Why Professionals Just Focus on Earning Fees…

…And don’t do all the other good things they should.

What sort of things am I talking about? It’s the non-billable stuff, such as business development, managing key accounts, generating knowhow and sharing it with colleagues, introducing clients to colleagues in other teams, investing time in mentoring juniors etc.

I know this situation frustrates the management of many firms. But the typical approach adopted, which is to give them a speech and put them on a training programme, doesn’t work – mainly because insufficient focus is put on understanding why each individual isn’t doing it.

And there are lots of potential reasons according to David Maister, such as:

  1. They don’t really understand the action’s importance.
  2. They see the action’s importance to the firm, but don’t see what’s in it for them personally.
  3. They don’t know how to do the action or some aspect of the action.
  4. They know what to do but is just not very skilled at it.
  5. They don’t want to do it. They’d rather stick to their technical discipline.
  6. They have lost their enthusiasm for innovation and are in an “I’ll just do my job” place.
  7. They haven’t been given the support or tools to do the action.
  8. They think the firm (in spite of its exhortations) really wants them to be focusing on earning fees and not to engage in non-reimbursable activities.
  9. The action is viewed as discretionary (ie they think that participation is optional).
  10. They view the activity as a long-term investment, and they would rather work on things that provide more immediate gratification.
  11. They feel more accountability and pressure for other things. They intend to do or would like to do the action, but they feel that they don’t have the time to do it.
  12. They feel that the action is not really valued by their peers. The corporate culture doesn’t reinforce the action.
  13. They view the action as a personal choice and is not thinking of team-level impacts (or approaches).
  14. They perceive the reward for the activity, but think it will only be given for high levels of performance — so why should a beginner even try?
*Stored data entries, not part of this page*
(* A sequence of N vectors of 'a ^ 'n stored by coordinates: h k j is the k-th coordinate
   of the j-th term. The zero count then factors over the coordinates. *)
definition coord_seqs :: "nat \<Rightarrow> ('n \<Rightarrow> nat \<Rightarrow> 'a) set" where
  "coord_seqs N = UNIV \<rightarrow>\<^sub>E {..<N} \<rightarrow>\<^sub>E UNIV"

definition seq_of_coords :: "nat \<Rightarrow> ('n::finite \<Rightarrow> nat \<Rightarrow> 'a) \<Rightarrow> ('a ^ 'n) list" where
  "seq_of_coords N h = map (\<lambda>j. \<chi> k. h k j) [0..<N]"

lemma length_seq_of_coords [simp]: "length (seq_of_coords N h) = N"
  by (simp add: seq_of_coords_def)

lemma card_coord_seqs:
  "card (coord_seqs N :: ('n::finite \<Rightarrow> nat \<Rightarrow> 'a::finite) set) = (CARD('a) ^ N) ^ CARD('n)"
  by (simp add: coord_seqs_def card_PiE)

lemma esym_pos_seq_of_coords:
  assumes "I \<subseteq> {..<N}"
  shows "esym_pos m (seq_of_coords N h) I = (\<chi> k. esym m (h k) I)"
proof -
  have "esym_pos m (seq_of_coords N h) I $ k = esym m (h k) I" for k
    unfolding esym_pos_conv_esym esym_component
    using assms by (intro esym_cong) (auto simp: seq_of_coords_def)
  then show ?thesis
    by (simp add: vec_eq_iff)
qed

lemma card_coord_seqs_esym_zero_le:
  assumes "I \<subseteq> {..<N}" "0 < m" "m \<le> card I"
  shows "card {h \<in> coord_seqs N :: ('n::finite \<Rightarrow> nat \<Rightarrow> 'a::{field,finite}) set.
                 esym_pos m (seq_of_coords N h) I = 0}
           \<le> (m * CARD('a) ^ (N - 1)) ^ CARD('n)"
proof -
  let ?Z = "{g \<in> {..<N} \<rightarrow>\<^sub>E (UNIV :: 'a set). esym m g I = 0}"
  have "{h \<in> coord_seqs N :: ('n \<Rightarrow> nat \<Rightarrow> 'a) set. esym_pos m (seq_of_coords N h) I = 0}
      = UNIV \<rightarrow>\<^sub>E ?Z"
    by (auto simp: coord_seqs_def esym_pos_seq_of_coords[OF assms(1)] vec_eq_iff PiE_iff)
  moreover have "card ?Z \<le> m * CARD('a) ^ (N - 1)"
    using card_esym_zeros_le[of "{..<N}" I m] assms by simp
  ultimately show ?thesis
    by (simp add: card_PiE power_mono)
qed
Perhaps most important of all: When they don’t do it, management doesn’t react (except perhaps once a year at performance evaluation time). Since there are no short-term consequences for noncompliance, why bother when there is so much else to do?

Getting an individual to change and participate requires a more sophisticated approach and an ability to engage in a non-threatening conversation to uncover the true reasons for non-participation.

Once an action plan is agreed, support needs to be offered and the conversation needs following up.

All of which takes time. But the rewards should be great.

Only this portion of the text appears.